1. The utility model provides a distribution lines accurate semantic segmentation method based on multisource information fusion which characterized in that installs laser radar and high accuracy vision camera in distribution lines one side, and it all is connected with the accurate semantic segmentation system electricity of distribution lines, the accurate semantic segmentation system of distribution lines realizes semantic segmentation through following steps after acquireing laser radar and high accuracy vision camera information:

setp 1: acquiring a 3D point cloud picture of a laser radar and an RGB (red, green and blue) image of a high-precision vision camera, and registering and fusing the two images;

setp 4: collecting related distribution line pictures on a live-line work site to prepare a data set, and dividing the data set into a test set and a training set;

2. The method for accurate semantic segmentation of distribution lines based on multi-source information fusion according to claim 1, wherein the improved Mask-RCNN semantic segmentation model modifies candidate regions of Mask-RCNN, and the candidate region selection method comprises:

firstly, extracting candidate regions from a picture obtained by Setp1 by using a Hough line detection algorithm, directly abandoning the regions detected to have no straight line, and reducing the original 2000 candidate regions into 100 candidate regions;

3. The distribution line accurate semantic segmentation method based on multi-source information fusion of claim 1, wherein a ResNet50 is used as a backbone network in the modified new network structure, and the ResNet uses cross-layer connection.

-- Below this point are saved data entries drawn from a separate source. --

(* Fix $I_{ij},I_{jk},I_{ki}\in[0,\infty)$. Consider the set $$\mathcal{R}_H^{ijk}=\{(r_i,r_j,r_k)\in\mathbb{R}^3_{>0}:\ l_{ij},l_{jk},l_{ki}\text{ satisfy the strict triangle inequalities}\},$$ where $l_{ij},l_{jk},l_{ki}>0$ are given by $$\cosh l_{ij}=\cosh r_i\cosh r_j+I_{ij}\sinh r_i\sinh r_j,$$ $$\cosh l_{jk}=\cosh r_j\cosh r_k+I_{jk}\sinh r_j\sinh r_k,$$ $$\cosh l_{ki}=\cosh r_k\cosh r_i+I_{ki}\sinh r_k\sinh r_i.$$ Then $\mathcal{R}_H^{ijk}$ is a connected and simply connected open subset of $\mathbb{R}^3_{>0}$. *)

theory Defs
  imports "HOL-Analysis.Analysis"
begin

definition hyp_edge :: "real \<Rightarrow> real \<Rightarrow> real \<Rightarrow> real" where
  "hyp_edge I a b = arcosh (cosh a * cosh b + I * sinh a * sinh b)"

definition strict_triangle :: "real \<Rightarrow> real \<Rightarrow> real \<Rightarrow> bool" where
  "strict_triangle x y z \<longleftrightarrow> x < y + z \<and> y < z + x \<and> z < x + y"

definition R_H :: "real \<Rightarrow> real \<Rightarrow> real \<Rightarrow> (real \<times> real \<times> real) set" where
  "R_H Iij Ijk Iki = {(ri, rj, rk). ri > 0 \<and> rj > 0 \<and> rk > 0 \<and>
      strict_triangle (hyp_edge Iij ri rj) (hyp_edge Ijk rj rk) (hyp_edge Iki rk ri)}"

end

theory Submission
  imports Defs
begin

4. The distribution line accurate semantic segmentation method based on multi-source information fusion of claim 3, characterized in that the middle nxn convolution blocks of a new network structure are changed into 1 convolution block pair of 1 xn and nx1, and each pair of convolution blocks are connected in parallel.

5. The distribution line accurate semantic segmentation method based on multi-source information fusion of claim 1, wherein the modified loss function in the Setp3 is defined as:

L＝L _cls +L _box +αL _mask +βL _re (1)

L _cls (p _i ,p _i ^* )＝-log[p _i p _i ^* +(1-p _i )(1-p _i ^* )] (4)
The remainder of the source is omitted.